Sunday, 1 June 2008

Jamie and Scott Go Francing: Day 2

Sunday, 18 May 2008

We began the day with a relatively early morning walk down by the marina in Dinard. Desperately, but futilely, in search of coffee. Being somewhat opposed to paying over the odds for average breakfasts at hotels, we’d decided to skip the €36 option at the hotel. We did finally grab a pain au chocolat and a croissant in a boulangerie on the way out of town.

We gathered our things, collected Isabelle and headed towards St Malo, just across the bay. St Malo was once a famous privateer stronghold where Jacques Cartier was from. Now it is a walled tourist town, full of naff shops selling swords and monogrammed soaps. Well, maybe that is a little harsh, but we prefer the realness of Dinard. Fortunately St Malo redeemed itself by having good espresso and fantastic views from the ramparts.

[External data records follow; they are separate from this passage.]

lemma q_fact_pos: "0 \<le> q \<Longrightarrow> 0 < q_fact q m"
  by (induct m) (simp_all add: q_int_ge_1 order.strict_trans2)

lemma mallows_sum_one: "finite S \<Longrightarrow> mallows_sum q S (\<lambda>_. 1) = q_fact q (card S)"
proof (induction "card S" arbitrary: S)
  case (Suc n)
  then have "S \<noteq> {}" by auto
  with Suc have "mallows_sum q S (\<lambda>_. 1) = (\<Sum>x\<in>S. q ^ rank_in S x * q_fact q n)"
    by (simp add: mallows_sum_first flip: Suc.hyps(2))
  also have "\<dots> = q_int q (card S) * q_fact q n"
    by (simp add: sum_distrib_right[symmetric] sum_power_rank_in[OF Suc.prems])
  finally show ?case by (simp flip: Suc.hyps)
qed simp

lemma mallows_sum_first_split:
  fixes m :: nat
  assumes "finite A" "A \<noteq> {}"
  defines "L \<equiv> {y\<in>A. \<not> m < y}" and "B \<equiv> {y\<in>A. m < y}"
  shows "mallows_sum q A h
    = (\<Sum>x\<in>L. q ^ rank_in L x * mallows_sum q (A - {x}) (\<lambda>\<tau>. h (x # \<tau>)))
      + q ^ card L * (\<Sum>x\<in>B. q ^ rank_in B x * mallows_sum q (A - {x}) (\<lambda>\<tau>. h (x # \<tau>)))"
proof -
  let ?t = "\<lambda>x. mallows_sum q (A - {x}) (\<lambda>\<tau>. h (x # \<tau>))"
  have "A = L \<union> B" "L \<inter> B = {}" "finite L" "finite B"
    using assms(1) by (auto simp: L_def B_def)
  then have "mallows_sum q A h = (\<Sum>x\<in>L. q ^ rank_in A x * ?t x) + (\<Sum>x\<in>B. q ^ rank_in A x * ?t x)"
    using mallows_sum_first[OF assms(1,2)] by (simp add: sum.union_disjoint)
  also have "(\<Sum>x\<in>L. q ^ rank_in A x * ?t x) = (\<Sum>x\<in>L. q ^ rank_in L x * ?t x)"
  proof (intro sum.cong refl)
    fix x
    assume "x \<in> L"
    with rank_in_lower[of x A m] show "q ^ rank_in A x * ?t x = q ^ rank_in L x * ?t x"
      by (simp add: L_def)
  qed
  also have "(\<Sum>x\<in>B. q ^ rank_in A x * ?t x) = q ^ card L * (\<Sum>x\<in>B. q ^ rank_in B x * ?t x)"
    unfolding sum_distrib_left
  proof (intro sum.cong refl)
    fix x
    assume "x \<in> B"
    with rank_in_upper[OF assms(1), of m x] show "q ^ rank_in A x * ?t x = q ^ card L * (q ^ rank_in B x * ?t x)"
      by (simp add: L_def B_def power_add)
  qed
  finally show ?thesis .
qed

The city was destroyed during WW2 and has been completely redone, which they have done very well. We wouldn’t have even noticed this if someone hadn’t told us. We walked the ramparts and along the edge is a group of Quebecois flags, so of course, as Canadians, we stopped to take a picture of Jacques Cartier (he ‘discovered’ and claimed Canada for France in 1534). Turns out that it wasn’t Jacques…it was a famous privateer called Surcouf. Why he was standing amongst Quebecois flags is mystery we still haven’t solved! We did find Jacques later but he was off by himself in a park. Hmmm…perhaps a mix up when putting up the statues?

After wandering around the ramparts for a while, we loaded back into Isabelle and drove the Emerald Coast towards our next stop – Le Mont St Michel. After stopping at a lookout point along the way we headed towards Cancale for some famous oysters for lunch. We found a bit of Cancale inappropriately labelled (they have signs when you enter a town and then have a sign with an X through the town name when you leave) as it wasn’t the REAL Cancale, it was Basse Concale…but it had lots of restaurants overlooking the Bay of St Michel. You could even see Le Mont in the distance. We managed to have a very tasty lunch in the sunshine. Later we drove past the real Cancale and it looked very nice. Damn French, first the mustard, now this!! (See previous Francing trip report for mustard story http://www.fodors.com/forums/pgMessages.jsp?fid=2&tid=34889327&numresponses=119&start=0&searchText=bikerscott )

We drove along the Bay to the Mont. All along we caught spectacular views of the famous abbey on its little hill in the middle of the Bay. We arrived at the official parking and found a spot for Isabelle, then ascended into Hell.

Le Mont St Michel (actually in Normandy) is a beautiful village which has been completely overrun with massive hordes of tourists and the horrible sword-selling shops that they attract. Of course, we don’t consider ourselves to be tourists ha ha ha. We arrived around 3pm and checked into our hotel, Auberge St Pierre http://www.auberge-saint-pierre.fr/ and wandered around for a bit until we found a nice vantage point to watch the ‘galloping horses’ of the tide come surging across the bay. After 2 cold hours we realized that the horse would probably have to be dead to be out-galloped by the tide! We now have what will most likely be the most boring time lapse photography ever. I blame Jamie for this, as it turns out we were a couple hours early for the tide and she got the time wrong!!!

After 2 hours freezing in the cold we found a suitable bar and I had a grog and Jamie tried a Kir Normande (crème de cassis/cidar/calvados), followed by a bottle of cidar. Yes, a whole bottle. We then headed out for dinner. By this time the day trippers had left and the town was serene and beautiful…exactly why we chose to stay there overnight!

There is really only 1 road on the Mont leading up to the abbey, and what everyone says is true…there is no good food. We settled on Les Terraces de Poulard where we had the worst service ever. Our waiter opened the wine, put it down on the table, and immediately walked away, all without saying a word! Jamie enjoyed her mussels in cream and lobster, and I an omelette with ‘wild’ mushrooms from a tin and the leg of lamb. The wine was delicious anyway, a yummy Chateauneuf du Pape.

We are avid photographers, so after finishing our average meal we dragged out the tripod and got some lovely shots of the abbey all lit up. Absolutely worth putting up with the tourists!